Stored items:

lemma pullback_coord_deriv:
  assumes f: "all_partials_exist n f" and ds: "list_all (dir_ok n) ds"
    and w: "0 < rsq n N w" and k: "k < n + N"
  shows "((\<lambda>s. pullback n N (pd ds f) (w(k := w k + s))) has_real_derivative
           pullback_pd n N ds f k w) (at 0)"
proof -
  have N: "0 < N" using rsq_pos_imp_pos[OF w] .
  define t where "t = (\<lambda>s. (rsq n N w + (if k < n then 0 else 2 * s * w k + s\<^sup>2)) / (2 * real N))"
  have t0: "0 < t 0" using w N by (simp add: t_def)
  have shift: "(\<lambda>s. pullback n N (pd ds f) (w(k := w k + s))) =
      (\<lambda>s. pd ds f (if k < n then (xpart n w)(k := xpart n w k + s) else xpart n w) (t s))"
    unfolding pullback_def t_def using k by (simp add: xpart_coord_shift rsq_coord_shift)
  show ?thesis
  proof (cases "k < n")
    case True
    then have "t = (\<lambda>s. t 0)" by (simp add: t_def)
    then show ?thesis
      using pd_x_deriv[OF f ds xpart_in_Rvec t0 True] True unfolding shift
      by (simp add: pullback_pd_def pullback_def t_def xpart_def)
  next
    case False
    have "(t has_real_derivative w k / real N) (at 0)"
      unfolding t_def using False N by (auto intro!: derivative_eq_intros)
    from DERIV_chain2[OF pd_t_deriv[OF f ds xpart_in_Rvec t0] this]
    show ?thesis
      using False unfolding shift by (simp add: pullback_pd_def pullback_def t_def mult.commute)
  qed
qed

lemma pullback_pd_coord_deriv:
  assumes f: "all_partials_exist n f" and ds: "list_all (dir_ok n) ds"
    and w: "0 < rsq n N w" and k: "k < n + N" and l: "l < n + N"
  shows "((\<lambda>s. pullback_pd n N ds f l (w(k := w k + s))) has_real_derivative
           pullback_pd2 n N ds f k l w) (at 0)"
proof (cases "l < n")
  case True
  then show ?thesis
    using pullback_coord_deriv[OF f _ w k, of "DX l # ds"] ds
    by (simp add: pullback_pd_def pullback_pd2_def dir_ok_def)
next
  case False
  have ds': "list_all (dir_ok n) (DT # ds)" using ds by (simp add: dir_ok_def)
  have "(\<lambda>s. pullback_pd n N ds f l (w(k := w k + s))) =
      (\<lambda>s. (w(k := w k + s)) l / real N * pullback n N (pd (DT # ds) f) (w(k := w k + s)))"
    using False by (simp add: pullback_pd_def)
  moreover have "pullback_pd2 n N ds f k l w =
      (if k = l then 1 else 0) / real N * pullback n N (pd (DT # ds) f) w
        + (w(k := w k + 0)) l / real N * pullback_pd n N (DT # ds) f k w"
    using False by (simp add: pullback_pd2_def)
  ultimately show ?thesis
    using DERIV_mult[OF DERIV_cdivide[OF coord_deriv[of w k l], of "real N"]
        pullback_coord_deriv[OF f ds' w k]] by (simp add: ac_simps)
qed

section \<open>The Hessian of the squared conformal factor\<close>

lemma pdz_eqI: "((\<lambda>s. g (z(k := z k + s))) has_real_derivative D) (at 0) \<Longrightarrow> pdz k g z = D"
  unfolding pdz_def by (rule DERIV_imp_deriv)

lemma hessz_mul_exp:
  fixes r \<phi> r' \<phi>' :: "(nat \<Rightarrow> real) \<Rightarrow> real"
  assumes near: "\<forall>\<^sub>F s in nhds 0. P (z(k := z k + s))"
    and r_l: "\<And>w. P w \<Longrightarrow> ((\<lambda>s. r (w(l := w l + s))) has_real_derivative r' w) (at 0)"
    and \<phi>_l: "\<And>w. P w \<Longrightarrow> ((\<lambda>s. \<phi> (w(l := w l + s))) has_real_derivative \<phi>' w) (at 0)"
    and r_k: "((\<lambda>s. r (z(k := z k + s))) has_real_derivative rk) (at 0)"
    and \<phi>_k: "((\<lambda>s. \<phi> (z(k := z k + s))) has_real_derivative \<phi>k) (at 0)"
    and r_kl: "((\<lambda>s. r' (z(k := z k + s))) has_real_derivative rkl) (at 0)"
    and \<phi>_kl: "((\<lambda>s. \<phi>' (z(k := z k + s))) has_real_derivative \<phi>kl) (at 0)"
  shows "hessz (\<lambda>w. r w * exp (a * \<phi> w)) z k l =
    exp (a * \<phi> z) * (rkl + a * (rk * \<phi>' z + r' z * \<phi>k) + a * r z * (\<phi>kl + a * \<phi>k * \<phi>' z))"
proof -
  define g where "g = (\<lambda>w. exp (a * \<phi> w) * (r' w + a * r w * \<phi>' w))"
  have "pdz l (\<lambda>w. r w * exp (a * \<phi> w)) w = g w" if "P w" for w
    unfolding g_def
    by (rule pdz_eqI) (auto intro!: derivative_eq_intros r_l[OF that] \<phi>_l[OF that] simp: distrib_left)
  then have near_g: "\<forall>\<^sub>F s in nhds 0. pdz l (\<lambda>w. r w * exp (a * \<phi> w)) (z(k := z k + s)) = g (z(k := z k + s))"
    using near by (auto elim: eventually_mono)
  have g_deriv: "((\<lambda>s. g (z(k := z k + s))) has_real_derivative
      exp (a * \<phi> z) * (rkl + a * (rk * \<phi>' z + r' z * \<phi>k) + a * r z * (\<phi>kl + a * \<phi>k * \<phi>' z))) (at 0)"
  proof -
    define R \<Phi> R' \<Phi>' where "R = (\<lambda>s. r (z(k := z k + s)))" and "\<Phi> = (\<lambda>s. \<phi> (z(k := z k + s)))"
      and "R' = (\<lambda>s. r' (z(k := z k + s)))" and "\<Phi>' = (\<lambda>s. \<phi>' (z(k := z k + s)))"
    have "(R has_real_derivative rk) (at 0)" "(\<Phi> has_real_derivative \<phi>k) (at 0)"
      "(R' has_real_derivative rkl) (at 0)" "(\<Phi>' has_real_derivative \<phi>kl) (at 0)"
      using r_k \<phi>_k r_kl \<phi>_kl by (simp_all add: R_def \<Phi>_def R'_def \<Phi>'_def)
    then have "((\<lambda>s. exp (a * \<Phi> s) * (R' s + a * R s * \<Phi>' s)) has_real_derivative
      exp (a * \<Phi> 0) * (rkl + a * (rk * \<Phi>' 0 + R' 0 * \<phi>k) + a * R 0 * (\<phi>kl + a * \<phi>k * \<Phi>' 0))) (at 0)"
      by (auto intro!: derivative_eq_intros simp: algebra_simps)
    then show ?thesis by (simp add: g_def R_def \<Phi>_def R'_def \<Phi>'_def)
  qed
  show ?thesis
    using g_deriv unfolding hessz_def by (intro pdz_eqI) (use DERIV_cong_ev[OF refl near_g refl] in blast)
qed

lemma hessz_rsq_exp_pullback:
  assumes f: "all_partials_exist n f" and z: "0 < rsq n N z" and k: "k < n + N" and l: "l < n + N"
  shows "hessz (\<lambda>w. rsq n N w * exp (a * pullback n N f w)) z k l =
    exp (a * pullback n N f z) *
      ((if k = l \<and> n \<le> l then 2 else 0)
       + a * ((if k < n then 0 else 2 * z k) * pullback_pd n N [] f l z
              + (if l < n then 0 else 2 * z l) * pullback_pd n N [] f k z)
       + a * rsq n N z * (pullback_pd2 n N [] f k l z
              + a * pullback_pd n N [] f k z * pullback_pd n N [] f l z))"
proof -
  have pullback_deriv: "((\<lambda>s. pullback n N f (w(j := w j + s))) has_real_derivative
      pullback_pd n N [] f j w) (at 0)" if "0 < rsq n N w" "j < n + N" for w j
    using pullback_coord_deriv[OF f _ that, of "[]"] by simp
  have "((\<lambda>s. if l < n then 0 else 2 * (z(k := z k + s)) l) has_real_derivative
      (if k = l \<and> n \<le> l then 2 else 0)) (at 0)"
    by (cases "l < n"; cases "k = l") (auto intro!: derivative_eq_intros)
  from hessz_mul_exp[where P = "\<lambda>w. 0 < rsq n N w" and r = "rsq n N" and \<phi> = "pullback n N f"
      and r' = "\<lambda>w. if l < n then 0 else 2 * w l" and \<phi>' = "pullback_pd n N [] f l",
      OF rsq_pos_near[OF z k] rsq_coord_deriv[OF l] pullback_deriv[OF _ l]
      rsq_coord_deriv[OF k] pullback_deriv[OF z k] this pullback_pd_coord_deriv[OF f _ z k l]]
  show ?thesis by (simp add: algebra_simps)
qed

definition block_mat ::
    "nat \<Rightarrow> (nat \<Rightarrow> nat \<Rightarrow> real) \<Rightarrow> (nat \<Rightarrow> real) \<Rightarrow> (nat \<Rightarrow> real) \<Rightarrow> real \<Rightarrow> real
      \<Rightarrow> (nat \<Rightarrow> real) \<Rightarrow> nat \<Rightarrow> nat \<Rightarrow> real" where
  "block_mat n A \<alpha> \<beta> \<gamma> \<nu> y k l =
     (if k < n \<and> l < n then A k l
      else if k < n then \<alpha> k * y l
      else if l < n then \<beta> l * y k
      else (if k = l then \<gamma> else 0) + \<nu> * y k * y l)"

lemma hessz_rsq_exp_pullback_block:
  fixes n N :: nat and f :: "(nat \<Rightarrow> real) \<Rightarrow> real \<Rightarrow> real" and a :: real and z :: "nat \<Rightarrow> real"
  defines "G \<equiv> \<lambda>w. rsq n N w * exp (a * pullback n N f w)"
    and "c \<equiv> real N * a" and "\<tau> \<equiv> rsq n N z / (2 * real N)"
    and "F \<equiv> \<lambda>ds. pullback n N (pd ds f) z"
  assumes f: "all_partials_exist n f" and z: "0 < rsq n N z" and k: "k < n + N" and l: "l < n + N"
  shows "real N / (2 * G z) * hessz G z k l =
    block_mat n
      (\<lambda>i j. c / 2 * F [DX i, DX j] + c\<^sup>2 / (2 * real N) * F [DX i] * F [DX j])
      (\<lambda>i. c / real N * (F [DX i] / (2 * \<tau>) + c * F [DX i] * F [DT] / (2 * real N) + F [DX i, DT] / 2))
      (\<lambda>i. c / real N * (F [DX i] / (2 * \<tau>) + c * F [DX i] * F [DT] / (2 * real N) + F [DT, DX i] / 2))
      (1 / (2 * \<tau>) + c * F [DT] / (2 * real N))
      (c / (real N)\<^sup>2 * (F [DT] / \<tau> + c * (F [DT])\<^sup>2 / (2 * real N) + F [DT, DT] / 2))
      z k l"
proof -
  have N: "0 < real N" using rsq_pos_imp_pos[OF z] by simp
  show ?thesis
    unfolding G_def hessz_rsq_exp_pullback[OF f z k l] block_mat_def
      pullback_pd2_def pullback_pd_def c_def \<tau>_def F_def
    using N z by (auto simp: field_simps power2_eq_square)
qed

§ **What you will do**: For every line in the data above that holds "True", return the line itself.

§ **Output of the exercise**:
    case True
      using pd_x_deriv[OF f ds xpart_in_Rvec t0 True] True unfolding shift
  case True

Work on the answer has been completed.